Welcome to the site rday.


----------



## sccavee (Feb 11, 2003)

I agree that you need something to cover the tank. My P's hit my hood often and I'm sure if it was not there they would be on the floor.


----------



## rday (Mar 10, 2003)

thanks everyone, looks like i'll be picking up a hood with my fishes tonight...


----------



## bobme (Feb 17, 2003)

rday said:


> thanks everyone, looks like i'll be picking up a hood with my fishes tonight...


 Good







take some pics


----------



## GARGOYLE (Feb 12, 2003)

so, what happened?


----------



## pcrose (Mar 9, 2003)

ya good idea on getting a hood keeps dust and stuff out of the tank.


----------



## RhomZilla (Feb 12, 2003)

Yeah, listen to Crozy.. he actually found out the hard way. Yeah hoods are a neccessity. Just like the previous responses, they help keep out dust or unwanted things to go into the tank, helps control the evaporation , and especially to keep your fish from jumping out. If you have a Home Depot near you, they can cut you off a thin layer of plexi for cheap. Its very helpful and affordable for now if you cant get a real hood or canopy.

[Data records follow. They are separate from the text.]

(* If $S,T\in \mathcal{B}_{A}(\mathcal{H})$, then $$d\omega _{A_{0}}\left( \begin{bmatrix} S & 0 \\ 0 & T \end{bmatrix} \right) =\max \left\{ d\omega _{A}\left( S\right) ,d\omega _{A}\left( T\right) \right\}.$$
   Context: $\mathcal{H}$ is a complex Hilbert space and $A\in\mathcal{B}(\mathcal{H})$ is a positive operator; $\langle x,z\rangle_A=\langle Ax,z\rangle$ and $\|z\|_A=\|A^{1/2}z\|$. $\mathcal{B}_A(\mathcal{H})$ denotes the set of bounded operators $S$ on $\mathcal{H}$ admitting an $A$-adjoint, i.e. with $\mathcal{R}(S^*A)\subseteq\mathcal{R}(A)$. The $A$-Davis-Wielandt radius is $d\omega_A(S)=\sup\{(|\langle Sz,z\rangle_A|^2+\|Sz\|_A^4)^{1/2}: z\in\mathcal{H},\ \|z\|_A=1\}$. $A_0=\begin{bmatrix} A&0\\0&A\end{bmatrix}$ is the positive operator on $\mathcal{H}\oplus\mathcal{H}$, inducing $\langle x,z\rangle_{A_0}=\langle x_1,z_1\rangle_A+\langle x_2,z_2\rangle_A$ for $x=(x_1,x_2)$, $z=(z_1,z_2)$, and $d\omega_{A_0}$ is the corresponding $A_0$-Davis-Wielandt radius on $\mathcal{H}\oplus\mathcal{H}$. *)

theory Defs
  imports "HOL-Analysis.Analysis"
begin

text \<open>The inner product is linear in the first argument.\<close>

class complex_vector_space = real_vector +
  fixes scaleC :: "complex \<Rightarrow> 'a \<Rightarrow> 'a" (infixr "*\<^sub>C" 75)
  assumes scaleC_add_right: "a *\<^sub>C (x + y) = a *\<^sub>C x + a *\<^sub>C y"
    and scaleC_add_left: "(a + b) *\<^sub>C x = a *\<^sub>C x + b *\<^sub>C x"
    and scaleC_scaleC: "a *\<^sub>C (b *\<^sub>C x) = (a * b) *\<^sub>C x"
    and scaleC_one: "1 *\<^sub>C x = x"
    and scaleC_of_real: "complex_of_real r *\<^sub>C x = r *\<^sub>R x"

class complex_inner = complex_vector_space + real_normed_vector +
  fixes cinner :: "'a \<Rightarrow> 'a \<Rightarrow> complex"
  assumes cinner_commute: "cinner x y = cnj (cinner y x)"
    and cinner_add_left: "cinner (x + y) z = cinner x z + cinner y z"
    and cinner_scaleC_left: "cinner (a *\<^sub>C x) y = a * cinner x y"
    and cinner_self_norm: "cinner x x = complex_of_real ((norm x)\<^sup>2)"

class complex_hilbert = complex_inner + complete_space

definition bounded_clinear :: "('a::complex_hilbert \<Rightarrow> 'a) \<Rightarrow> bool" where
  "bounded_clinear f \<longleftrightarrow> bounded_linear f \<and> (\<forall>c x. f (c *\<^sub>C x) = c *\<^sub>C f x)"

definition positive_op :: "('a::complex_hilbert \<Rightarrow> 'a) \<Rightarrow> bool" where
  "positive_op A \<longleftrightarrow> bounded_clinear A \<and>
     (\<forall>x. Im (cinner (A x) x) = 0 \<and> 0 \<le> Re (cinner (A x) x))"

definition is_adjoint :: "('a::complex_hilbert \<Rightarrow> 'a) \<Rightarrow> ('a \<Rightarrow> 'a) \<Rightarrow> bool" where
  "is_adjoint S S' \<longleftrightarrow> (\<forall>x y. cinner (S x) y = cinner x (S' y))"

definition B_A :: "('a::complex_hilbert \<Rightarrow> 'a) \<Rightarrow> ('a \<Rightarrow> 'a) \<Rightarrow> bool" where
  "B_A A S \<longleftrightarrow> bounded_clinear S \<and>
     (\<exists>S'. is_adjoint S S' \<and> range (S' \<circ> A) \<subseteq> range A)"

text \<open>Generic A-seminorm and A-Davis-Wielandt radius with respect to an inner product
  \<open>inn\<close> and positive operator \<open>Aop\<close>: \<open>\<langle>x,z\<rangle>_A = \<langle>A x, z\<rangle>\<close>, \<open>\<parallel>z\<parallel>_A = \<langle>A z, z\<rangle>^{1/2}\<close>
  (which equals \<open>\<parallel>A^{1/2} z\<parallel>\<close>).\<close>
definition semi_norm_gen :: "('b \<Rightarrow> 'b \<Rightarrow> complex) \<Rightarrow> ('b \<Rightarrow> 'b) \<Rightarrow> 'b \<Rightarrow> real" where
  "semi_norm_gen inn Aop z = sqrt (Re (inn (Aop z) z))"

definition dw_gen :: "('b \<Rightarrow> 'b \<Rightarrow> complex) \<Rightarrow> ('b \<Rightarrow> 'b) \<Rightarrow> ('b \<Rightarrow> 'b) \<Rightarrow> real" where
  "dw_gen inn Aop S = Sup {sqrt ((cmod (inn (Aop (S z)) z))\<^sup>2 + (semi_norm_gen inn Aop (S z)) ^ 4)
                          | z. semi_norm_gen inn Aop z = 1}"

definition dw_A :: "('a::complex_hilbert \<Rightarrow> 'a) \<Rightarrow> ('a \<Rightarrow> 'a) \<Rightarrow> real" where
  "dw_A A S = dw_gen cinner A S"

definition sum_cinner :: "('a::complex_hilbert \<times> 'a) \<Rightarrow> ('a \<times> 'a) \<Rightarrow> complex" where
  "sum_cinner x z = cinner (fst x) (fst z) + cinner (snd x) (snd z)"

definition diag_op :: "('a \<Rightarrow> 'a) \<Rightarrow> ('a \<Rightarrow> 'a) \<Rightarrow> ('a \<times> 'a) \<Rightarrow> ('a \<times> 'a)" where
  "diag_op S T x = (S (fst x), T (snd x))"

definition A0 :: "('a \<Rightarrow> 'a) \<Rightarrow> ('a \<times> 'a) \<Rightarrow> ('a \<times> 'a)" where
  "A0 A = diag_op A A"

definition dw_A0 :: "('a::complex_hilbert \<Rightarrow> 'a) \<Rightarrow> ('a \<times> 'a \<Rightarrow> 'a \<times> 'a) \<Rightarrow> real" where
  "dw_A0 A M = dw_gen sum_cinner (A0 A) M"

end

theory Submission
  imports Defs
begin

text \<open>For a vector (x, y) with |x|_A^2 = s and |y|_A^2 = 1 - s, both coordinates
  <S z, z>_A and |S z|_A^2 of a Davis-Wielandt point are homogeneous of degree 2 in z. Hence
  the point of diag(S, T) at (x, y) is s times a point of the Davis-Wielandt shell of S plus
  (1 - s) times one of T, and the triangle inequality in the plane bounds its modulus by
  s dw_A(S) + (1 - s) dw_A(T) <= max (dw_A(S), dw_A(T)); the vectors (x, 0) and (0, y) give
  the reverse inequality.

  Homogeneity handles only |x|_A > 0; when |x|_A = 0 one needs |S x|_A = 0, i.e. that S is
  A-bounded. For S in B_A(H) this comes from Douglas' lemma: a Baire category argument gives
  a bounded W with S* A = A W, the operator C = W S is A-selfadjoint with
  |S x|_A^2 = <A x, C x>, and k |-> |C^k x|_A^2 is log-convex (Cauchy-Schwarz) with at most
  geometric growth, which forces |C x|_A^2 <= |C|^2 |x|_A^2.\<close>

instance complex_hilbert \<subseteq> banach ..

section \<open>Hermitian forms\<close>

lemma quadratic_nonneg_imp_discriminant_le:
  fixes P Q b :: real
  assumes nonneg: "\<And>t. 0 \<le> P - 2 * t * b + t\<^sup>2 * Q" and "Q \<ge> 0"
  shows "b\<^sup>2 \<le> P * Q"
proof (cases "Q = 0")
  case True
  have "b = 0"
  proof (rule ccontr)
    assume "b \<noteq> 0"
    then show False using nonneg[of "(P + 1) / (2 * b)"] True by simp
  qed
  then show ?thesis using True by simp
next
  case False
  then have "Q > 0" using \<open>Q \<ge> 0\<close> by simp
  then show ?thesis using nonneg[of "b / Q"] by (simp add: power2_eq_square field_simps)
qed

locale hermitian_form =
  fixes B :: "'a::complex_vector_space \<Rightarrow> 'a \<Rightarrow> complex"
  assumes add_left: "B (x + y) z = B x z + B y z"
    and scaleC_left: "B (c *\<^sub>C x) y = c * B x y"
    and hermitian: "B x y = cnj (B y x)"
begin

lemma add_right: "B x (y + z) = B x y + B x z"
  by (metis add_left hermitian complex_cnj_add)

lemma scaleC_right: "B x (c *\<^sub>C y) = cnj c * B x y"
  by (metis scaleC_left hermitian complex_cnj_mult)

BTW.. Wlecome to the Board!!!!


----------



## rday (Mar 10, 2003)

i ordered a plain glass canopy from drsfostersmith.com last friday, so tomorrow my fish should be safe and the evaporation should slow down some! the way it is now, even if they decide they want to become terrestrial animals i spend enough time just sitting there watching them that I'll be there to rescue them and chastise them for their misbehavior.


----------